:: EXERCISE ::
In the records below, find the line that contains "(simp add: lambda_coeff_def" and the line that contains "that by simp", then retype exactly those two lines and every line between them.
RECORDED INFORMATION START
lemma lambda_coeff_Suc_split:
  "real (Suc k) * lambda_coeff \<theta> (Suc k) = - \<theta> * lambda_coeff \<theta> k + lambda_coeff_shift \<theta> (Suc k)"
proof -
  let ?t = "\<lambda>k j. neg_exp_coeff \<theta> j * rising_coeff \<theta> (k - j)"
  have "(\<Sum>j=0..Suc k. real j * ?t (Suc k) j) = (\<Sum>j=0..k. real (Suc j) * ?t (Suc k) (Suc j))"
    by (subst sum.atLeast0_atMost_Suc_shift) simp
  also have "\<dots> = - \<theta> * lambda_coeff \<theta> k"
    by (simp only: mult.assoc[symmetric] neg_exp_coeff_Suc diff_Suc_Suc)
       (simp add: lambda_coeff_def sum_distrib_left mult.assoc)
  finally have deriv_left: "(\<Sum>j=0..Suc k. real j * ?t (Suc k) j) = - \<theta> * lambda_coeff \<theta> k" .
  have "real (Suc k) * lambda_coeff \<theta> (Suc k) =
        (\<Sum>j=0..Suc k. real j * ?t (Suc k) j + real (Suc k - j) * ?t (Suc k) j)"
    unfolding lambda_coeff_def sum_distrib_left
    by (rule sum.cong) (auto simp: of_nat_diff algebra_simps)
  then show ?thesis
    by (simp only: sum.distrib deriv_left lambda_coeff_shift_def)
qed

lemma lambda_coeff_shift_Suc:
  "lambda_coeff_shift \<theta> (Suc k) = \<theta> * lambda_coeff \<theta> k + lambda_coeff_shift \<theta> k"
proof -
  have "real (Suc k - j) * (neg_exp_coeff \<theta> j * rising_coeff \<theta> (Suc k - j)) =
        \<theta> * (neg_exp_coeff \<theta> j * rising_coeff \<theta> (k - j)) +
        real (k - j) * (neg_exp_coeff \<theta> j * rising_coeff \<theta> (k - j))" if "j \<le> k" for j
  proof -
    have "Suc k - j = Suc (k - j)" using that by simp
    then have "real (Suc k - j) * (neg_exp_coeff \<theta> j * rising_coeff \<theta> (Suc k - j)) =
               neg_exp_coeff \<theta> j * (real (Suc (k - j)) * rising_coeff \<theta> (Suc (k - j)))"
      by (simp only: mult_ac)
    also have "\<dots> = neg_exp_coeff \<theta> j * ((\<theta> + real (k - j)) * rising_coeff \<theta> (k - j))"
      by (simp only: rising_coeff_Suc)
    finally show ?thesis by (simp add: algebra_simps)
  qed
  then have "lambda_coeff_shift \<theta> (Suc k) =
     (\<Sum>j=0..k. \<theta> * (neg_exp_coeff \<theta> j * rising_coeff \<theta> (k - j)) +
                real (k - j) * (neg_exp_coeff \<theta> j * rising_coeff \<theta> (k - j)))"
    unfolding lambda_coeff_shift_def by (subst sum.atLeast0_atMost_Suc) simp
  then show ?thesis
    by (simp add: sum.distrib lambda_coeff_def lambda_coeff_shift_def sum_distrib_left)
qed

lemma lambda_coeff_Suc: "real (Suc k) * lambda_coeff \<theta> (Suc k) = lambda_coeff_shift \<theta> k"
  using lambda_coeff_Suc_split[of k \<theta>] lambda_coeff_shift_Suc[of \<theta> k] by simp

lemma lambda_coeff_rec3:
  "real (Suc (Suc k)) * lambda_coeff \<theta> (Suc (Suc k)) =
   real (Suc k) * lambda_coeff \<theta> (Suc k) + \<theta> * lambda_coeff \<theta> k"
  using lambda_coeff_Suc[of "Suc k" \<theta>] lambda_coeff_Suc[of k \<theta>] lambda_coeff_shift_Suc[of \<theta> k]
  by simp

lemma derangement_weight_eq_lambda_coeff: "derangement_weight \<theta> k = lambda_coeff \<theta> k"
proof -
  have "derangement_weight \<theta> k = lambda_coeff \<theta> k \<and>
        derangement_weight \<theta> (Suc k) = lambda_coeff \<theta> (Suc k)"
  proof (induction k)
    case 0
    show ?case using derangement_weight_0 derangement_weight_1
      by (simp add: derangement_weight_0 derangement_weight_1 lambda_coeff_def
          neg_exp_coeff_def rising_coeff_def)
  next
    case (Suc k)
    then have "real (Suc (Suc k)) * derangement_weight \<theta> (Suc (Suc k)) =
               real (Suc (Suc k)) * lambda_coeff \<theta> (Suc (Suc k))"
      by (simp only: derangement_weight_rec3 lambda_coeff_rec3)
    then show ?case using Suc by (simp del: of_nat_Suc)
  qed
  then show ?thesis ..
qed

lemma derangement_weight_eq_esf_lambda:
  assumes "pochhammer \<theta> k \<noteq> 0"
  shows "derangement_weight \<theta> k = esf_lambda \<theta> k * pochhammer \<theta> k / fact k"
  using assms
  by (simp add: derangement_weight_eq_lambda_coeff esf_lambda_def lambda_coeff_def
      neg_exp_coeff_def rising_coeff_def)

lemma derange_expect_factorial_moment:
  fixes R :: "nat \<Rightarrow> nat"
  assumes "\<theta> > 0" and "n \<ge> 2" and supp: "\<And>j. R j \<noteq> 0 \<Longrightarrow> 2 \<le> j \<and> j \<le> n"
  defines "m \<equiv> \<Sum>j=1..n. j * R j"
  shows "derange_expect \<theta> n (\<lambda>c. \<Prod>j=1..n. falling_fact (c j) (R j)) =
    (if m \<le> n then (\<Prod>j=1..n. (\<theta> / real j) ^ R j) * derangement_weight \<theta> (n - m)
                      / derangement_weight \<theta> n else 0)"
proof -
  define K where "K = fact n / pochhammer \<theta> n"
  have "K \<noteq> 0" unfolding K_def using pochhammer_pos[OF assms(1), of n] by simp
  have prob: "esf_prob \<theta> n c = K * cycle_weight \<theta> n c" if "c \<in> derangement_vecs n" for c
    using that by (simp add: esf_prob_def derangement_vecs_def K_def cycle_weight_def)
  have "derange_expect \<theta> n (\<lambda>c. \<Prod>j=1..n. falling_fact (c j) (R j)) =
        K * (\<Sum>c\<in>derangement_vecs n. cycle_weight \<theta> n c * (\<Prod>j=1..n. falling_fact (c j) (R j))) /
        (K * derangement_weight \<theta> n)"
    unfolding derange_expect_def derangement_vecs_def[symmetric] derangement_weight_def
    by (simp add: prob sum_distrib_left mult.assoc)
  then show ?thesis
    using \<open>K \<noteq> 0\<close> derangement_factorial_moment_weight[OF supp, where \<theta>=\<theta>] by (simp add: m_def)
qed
RECORDED INFORMATION END
RECORDED INFORMATION START
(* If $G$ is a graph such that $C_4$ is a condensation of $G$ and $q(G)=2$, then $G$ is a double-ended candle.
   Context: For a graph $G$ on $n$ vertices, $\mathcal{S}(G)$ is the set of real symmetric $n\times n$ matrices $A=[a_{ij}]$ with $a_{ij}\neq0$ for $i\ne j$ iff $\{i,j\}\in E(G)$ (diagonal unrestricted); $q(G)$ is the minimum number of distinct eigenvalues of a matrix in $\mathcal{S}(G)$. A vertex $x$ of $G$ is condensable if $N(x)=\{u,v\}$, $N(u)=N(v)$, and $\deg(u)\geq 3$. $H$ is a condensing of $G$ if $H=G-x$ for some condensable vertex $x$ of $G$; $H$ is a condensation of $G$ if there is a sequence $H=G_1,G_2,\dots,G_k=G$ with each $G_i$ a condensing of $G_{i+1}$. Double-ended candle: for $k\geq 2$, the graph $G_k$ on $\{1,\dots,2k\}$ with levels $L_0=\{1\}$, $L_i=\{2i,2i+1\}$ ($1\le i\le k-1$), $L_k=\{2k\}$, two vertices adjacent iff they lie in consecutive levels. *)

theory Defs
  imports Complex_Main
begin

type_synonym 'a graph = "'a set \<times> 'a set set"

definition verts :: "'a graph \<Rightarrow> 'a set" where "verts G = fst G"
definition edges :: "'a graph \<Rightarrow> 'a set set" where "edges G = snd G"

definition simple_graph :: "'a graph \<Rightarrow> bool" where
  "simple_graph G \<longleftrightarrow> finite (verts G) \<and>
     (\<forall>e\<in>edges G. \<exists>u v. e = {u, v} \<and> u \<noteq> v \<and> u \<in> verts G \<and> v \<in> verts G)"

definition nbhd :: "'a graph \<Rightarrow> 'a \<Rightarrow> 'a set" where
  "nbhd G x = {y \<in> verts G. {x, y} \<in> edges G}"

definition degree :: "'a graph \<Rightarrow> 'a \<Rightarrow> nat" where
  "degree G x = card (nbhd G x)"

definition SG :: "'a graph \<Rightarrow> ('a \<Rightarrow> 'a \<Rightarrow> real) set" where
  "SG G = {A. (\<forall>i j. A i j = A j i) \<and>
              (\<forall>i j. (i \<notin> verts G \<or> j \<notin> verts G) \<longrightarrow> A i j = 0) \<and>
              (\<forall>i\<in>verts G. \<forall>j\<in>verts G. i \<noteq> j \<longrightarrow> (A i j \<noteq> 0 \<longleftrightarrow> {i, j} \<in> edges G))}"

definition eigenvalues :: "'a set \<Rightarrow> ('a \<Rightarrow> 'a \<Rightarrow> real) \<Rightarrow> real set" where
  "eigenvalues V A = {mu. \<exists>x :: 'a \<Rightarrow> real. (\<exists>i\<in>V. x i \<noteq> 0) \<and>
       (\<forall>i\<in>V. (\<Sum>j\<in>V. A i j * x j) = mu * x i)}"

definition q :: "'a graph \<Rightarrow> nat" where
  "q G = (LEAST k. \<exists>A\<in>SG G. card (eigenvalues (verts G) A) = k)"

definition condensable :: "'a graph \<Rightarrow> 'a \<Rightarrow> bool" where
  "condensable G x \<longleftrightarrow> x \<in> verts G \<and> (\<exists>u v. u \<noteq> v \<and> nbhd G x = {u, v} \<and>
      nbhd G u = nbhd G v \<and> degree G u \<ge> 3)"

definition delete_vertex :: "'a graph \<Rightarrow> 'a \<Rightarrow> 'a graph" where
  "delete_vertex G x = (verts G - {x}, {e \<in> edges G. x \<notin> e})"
RECORDED INFORMATION END
RECORDED INFORMATION START
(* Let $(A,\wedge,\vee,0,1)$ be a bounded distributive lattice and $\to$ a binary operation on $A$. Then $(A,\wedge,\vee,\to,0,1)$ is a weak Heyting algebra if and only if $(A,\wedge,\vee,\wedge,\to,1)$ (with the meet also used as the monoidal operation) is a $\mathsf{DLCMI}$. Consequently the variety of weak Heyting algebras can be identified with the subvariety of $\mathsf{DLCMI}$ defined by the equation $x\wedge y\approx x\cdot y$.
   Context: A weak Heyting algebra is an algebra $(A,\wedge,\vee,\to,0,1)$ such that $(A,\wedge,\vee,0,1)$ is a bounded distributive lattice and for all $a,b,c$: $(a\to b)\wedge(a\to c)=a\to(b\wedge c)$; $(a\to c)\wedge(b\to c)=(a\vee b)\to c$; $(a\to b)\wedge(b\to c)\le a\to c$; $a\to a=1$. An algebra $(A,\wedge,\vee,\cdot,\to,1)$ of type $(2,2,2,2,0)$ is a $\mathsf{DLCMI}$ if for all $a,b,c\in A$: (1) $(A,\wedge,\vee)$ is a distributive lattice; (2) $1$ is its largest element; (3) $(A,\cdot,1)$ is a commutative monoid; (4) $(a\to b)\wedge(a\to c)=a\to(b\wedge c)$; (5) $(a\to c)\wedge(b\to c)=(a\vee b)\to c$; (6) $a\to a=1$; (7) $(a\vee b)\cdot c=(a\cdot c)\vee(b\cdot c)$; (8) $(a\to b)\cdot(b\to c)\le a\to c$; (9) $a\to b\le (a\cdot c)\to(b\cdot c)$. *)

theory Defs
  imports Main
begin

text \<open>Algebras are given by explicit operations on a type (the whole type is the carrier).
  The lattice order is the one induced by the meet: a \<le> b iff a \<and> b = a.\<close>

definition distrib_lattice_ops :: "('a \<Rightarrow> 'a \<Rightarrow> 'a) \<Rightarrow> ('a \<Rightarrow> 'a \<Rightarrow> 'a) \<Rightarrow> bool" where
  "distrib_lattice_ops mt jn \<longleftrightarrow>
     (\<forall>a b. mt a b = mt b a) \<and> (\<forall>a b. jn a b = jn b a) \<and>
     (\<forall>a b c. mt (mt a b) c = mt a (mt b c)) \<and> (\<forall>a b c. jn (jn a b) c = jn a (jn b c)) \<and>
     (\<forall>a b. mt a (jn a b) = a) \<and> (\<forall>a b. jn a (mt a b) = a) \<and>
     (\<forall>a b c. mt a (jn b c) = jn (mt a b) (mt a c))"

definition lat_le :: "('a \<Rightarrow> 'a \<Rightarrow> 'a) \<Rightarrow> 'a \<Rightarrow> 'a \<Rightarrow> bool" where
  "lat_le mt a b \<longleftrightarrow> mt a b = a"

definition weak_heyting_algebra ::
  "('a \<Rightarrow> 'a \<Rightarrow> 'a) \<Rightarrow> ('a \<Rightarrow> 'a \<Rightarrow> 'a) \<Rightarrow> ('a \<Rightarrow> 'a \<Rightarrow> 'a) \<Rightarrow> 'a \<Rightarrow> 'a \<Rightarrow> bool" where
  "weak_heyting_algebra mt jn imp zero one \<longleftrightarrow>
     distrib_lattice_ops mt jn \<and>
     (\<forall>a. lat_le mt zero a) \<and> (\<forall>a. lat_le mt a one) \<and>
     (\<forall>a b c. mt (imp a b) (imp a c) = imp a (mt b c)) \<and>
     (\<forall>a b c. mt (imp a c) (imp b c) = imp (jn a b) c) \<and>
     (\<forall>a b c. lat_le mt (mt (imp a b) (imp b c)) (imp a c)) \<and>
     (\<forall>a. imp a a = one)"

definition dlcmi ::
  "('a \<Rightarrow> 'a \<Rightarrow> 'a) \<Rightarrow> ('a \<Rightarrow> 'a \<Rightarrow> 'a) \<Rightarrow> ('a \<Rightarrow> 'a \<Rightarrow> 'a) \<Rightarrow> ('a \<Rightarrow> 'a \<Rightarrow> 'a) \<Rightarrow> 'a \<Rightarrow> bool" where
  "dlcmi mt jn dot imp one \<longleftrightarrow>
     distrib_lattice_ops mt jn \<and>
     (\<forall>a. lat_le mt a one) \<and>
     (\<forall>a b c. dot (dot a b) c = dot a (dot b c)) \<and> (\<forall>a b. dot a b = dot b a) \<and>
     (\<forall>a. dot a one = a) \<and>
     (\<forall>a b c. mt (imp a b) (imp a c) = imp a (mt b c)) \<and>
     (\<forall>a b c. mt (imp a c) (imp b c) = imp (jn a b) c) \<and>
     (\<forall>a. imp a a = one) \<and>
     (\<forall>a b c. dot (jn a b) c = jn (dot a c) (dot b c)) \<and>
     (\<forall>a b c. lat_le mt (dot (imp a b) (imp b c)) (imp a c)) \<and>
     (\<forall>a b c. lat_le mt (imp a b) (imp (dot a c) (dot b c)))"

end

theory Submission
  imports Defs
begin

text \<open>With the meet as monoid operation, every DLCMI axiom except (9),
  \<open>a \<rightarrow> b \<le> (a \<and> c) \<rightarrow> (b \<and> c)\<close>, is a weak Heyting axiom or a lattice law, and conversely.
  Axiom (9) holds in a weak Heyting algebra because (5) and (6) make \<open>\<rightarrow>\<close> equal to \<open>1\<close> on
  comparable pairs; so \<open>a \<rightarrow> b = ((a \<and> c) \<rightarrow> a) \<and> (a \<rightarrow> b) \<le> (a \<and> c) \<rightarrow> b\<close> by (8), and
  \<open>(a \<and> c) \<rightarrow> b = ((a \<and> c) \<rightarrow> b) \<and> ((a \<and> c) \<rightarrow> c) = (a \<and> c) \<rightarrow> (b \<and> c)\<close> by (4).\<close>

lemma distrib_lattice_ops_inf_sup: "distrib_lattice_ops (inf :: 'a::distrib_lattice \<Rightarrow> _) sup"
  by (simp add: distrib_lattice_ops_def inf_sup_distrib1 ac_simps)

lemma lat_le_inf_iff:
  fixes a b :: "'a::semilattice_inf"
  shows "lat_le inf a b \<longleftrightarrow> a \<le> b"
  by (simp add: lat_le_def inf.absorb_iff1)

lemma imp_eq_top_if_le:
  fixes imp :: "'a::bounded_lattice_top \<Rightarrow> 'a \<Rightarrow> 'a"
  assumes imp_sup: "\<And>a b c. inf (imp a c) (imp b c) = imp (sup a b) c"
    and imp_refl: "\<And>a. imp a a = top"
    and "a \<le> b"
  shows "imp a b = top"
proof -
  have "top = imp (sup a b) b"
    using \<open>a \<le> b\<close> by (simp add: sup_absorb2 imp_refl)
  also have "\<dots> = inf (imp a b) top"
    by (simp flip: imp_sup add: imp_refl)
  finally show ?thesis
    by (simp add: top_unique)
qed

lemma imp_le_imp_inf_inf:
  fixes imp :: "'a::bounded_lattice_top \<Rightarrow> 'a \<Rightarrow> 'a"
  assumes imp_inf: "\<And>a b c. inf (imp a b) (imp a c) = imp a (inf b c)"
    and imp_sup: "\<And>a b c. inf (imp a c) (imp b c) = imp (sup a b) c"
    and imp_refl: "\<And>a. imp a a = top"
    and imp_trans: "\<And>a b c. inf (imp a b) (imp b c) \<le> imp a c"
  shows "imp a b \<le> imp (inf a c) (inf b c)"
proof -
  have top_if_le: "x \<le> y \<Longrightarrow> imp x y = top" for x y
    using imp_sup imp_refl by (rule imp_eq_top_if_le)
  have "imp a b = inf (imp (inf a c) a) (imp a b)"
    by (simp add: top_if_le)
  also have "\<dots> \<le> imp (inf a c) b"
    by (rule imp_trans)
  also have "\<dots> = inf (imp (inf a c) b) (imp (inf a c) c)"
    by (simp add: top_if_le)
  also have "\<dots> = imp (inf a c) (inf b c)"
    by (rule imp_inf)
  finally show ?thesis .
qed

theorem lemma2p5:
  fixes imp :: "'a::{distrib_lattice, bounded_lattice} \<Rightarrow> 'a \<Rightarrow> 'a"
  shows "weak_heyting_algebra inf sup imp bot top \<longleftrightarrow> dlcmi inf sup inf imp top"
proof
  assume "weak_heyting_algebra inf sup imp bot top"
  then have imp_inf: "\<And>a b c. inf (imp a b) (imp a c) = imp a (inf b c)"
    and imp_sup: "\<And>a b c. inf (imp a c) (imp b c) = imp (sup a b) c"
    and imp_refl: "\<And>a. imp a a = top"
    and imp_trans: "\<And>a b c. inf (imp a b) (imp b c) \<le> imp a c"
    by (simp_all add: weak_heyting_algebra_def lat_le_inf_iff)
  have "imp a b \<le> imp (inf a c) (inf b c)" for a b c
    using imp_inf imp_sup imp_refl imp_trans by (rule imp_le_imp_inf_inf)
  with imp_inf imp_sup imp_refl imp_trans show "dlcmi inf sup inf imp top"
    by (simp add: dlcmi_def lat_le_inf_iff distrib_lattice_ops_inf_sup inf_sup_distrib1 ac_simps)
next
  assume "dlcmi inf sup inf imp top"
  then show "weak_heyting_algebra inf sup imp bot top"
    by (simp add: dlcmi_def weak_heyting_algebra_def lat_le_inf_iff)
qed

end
RECORDED INFORMATION END
:: RESULT ::
       (simp add: lambda_coeff_def sum_distrib_left mult.assoc)
  finally have deriv_left: "(\<Sum>j=0..Suc k. real j * ?t (Suc k) j) = - \<theta> * lambda_coeff \<theta> k" .
  have "real (Suc k) * lambda_coeff \<theta> (Suc k) =
        (\<Sum>j=0..Suc k. real j * ?t (Suc k) j + real (Suc k - j) * ?t (Suc k) j)"
    unfolding lambda_coeff_def sum_distrib_left
    by (rule sum.cong) (auto simp: of_nat_diff algebra_simps)
  then show ?thesis
    by (simp only: sum.distrib deriv_left lambda_coeff_shift_def)
qed

lemma lambda_coeff_shift_Suc:
  "lambda_coeff_shift \<theta> (Suc k) = \<theta> * lambda_coeff \<theta> k + lambda_coeff_shift \<theta> k"
proof -
  have "real (Suc k - j) * (neg_exp_coeff \<theta> j * rising_coeff \<theta> (Suc k - j)) =
        \<theta> * (neg_exp_coeff \<theta> j * rising_coeff \<theta> (k - j)) +
        real (k - j) * (neg_exp_coeff \<theta> j * rising_coeff \<theta> (k - j))" if "j \<le> k" for j
  proof -
    have "Suc k - j = Suc (k - j)" using that by simp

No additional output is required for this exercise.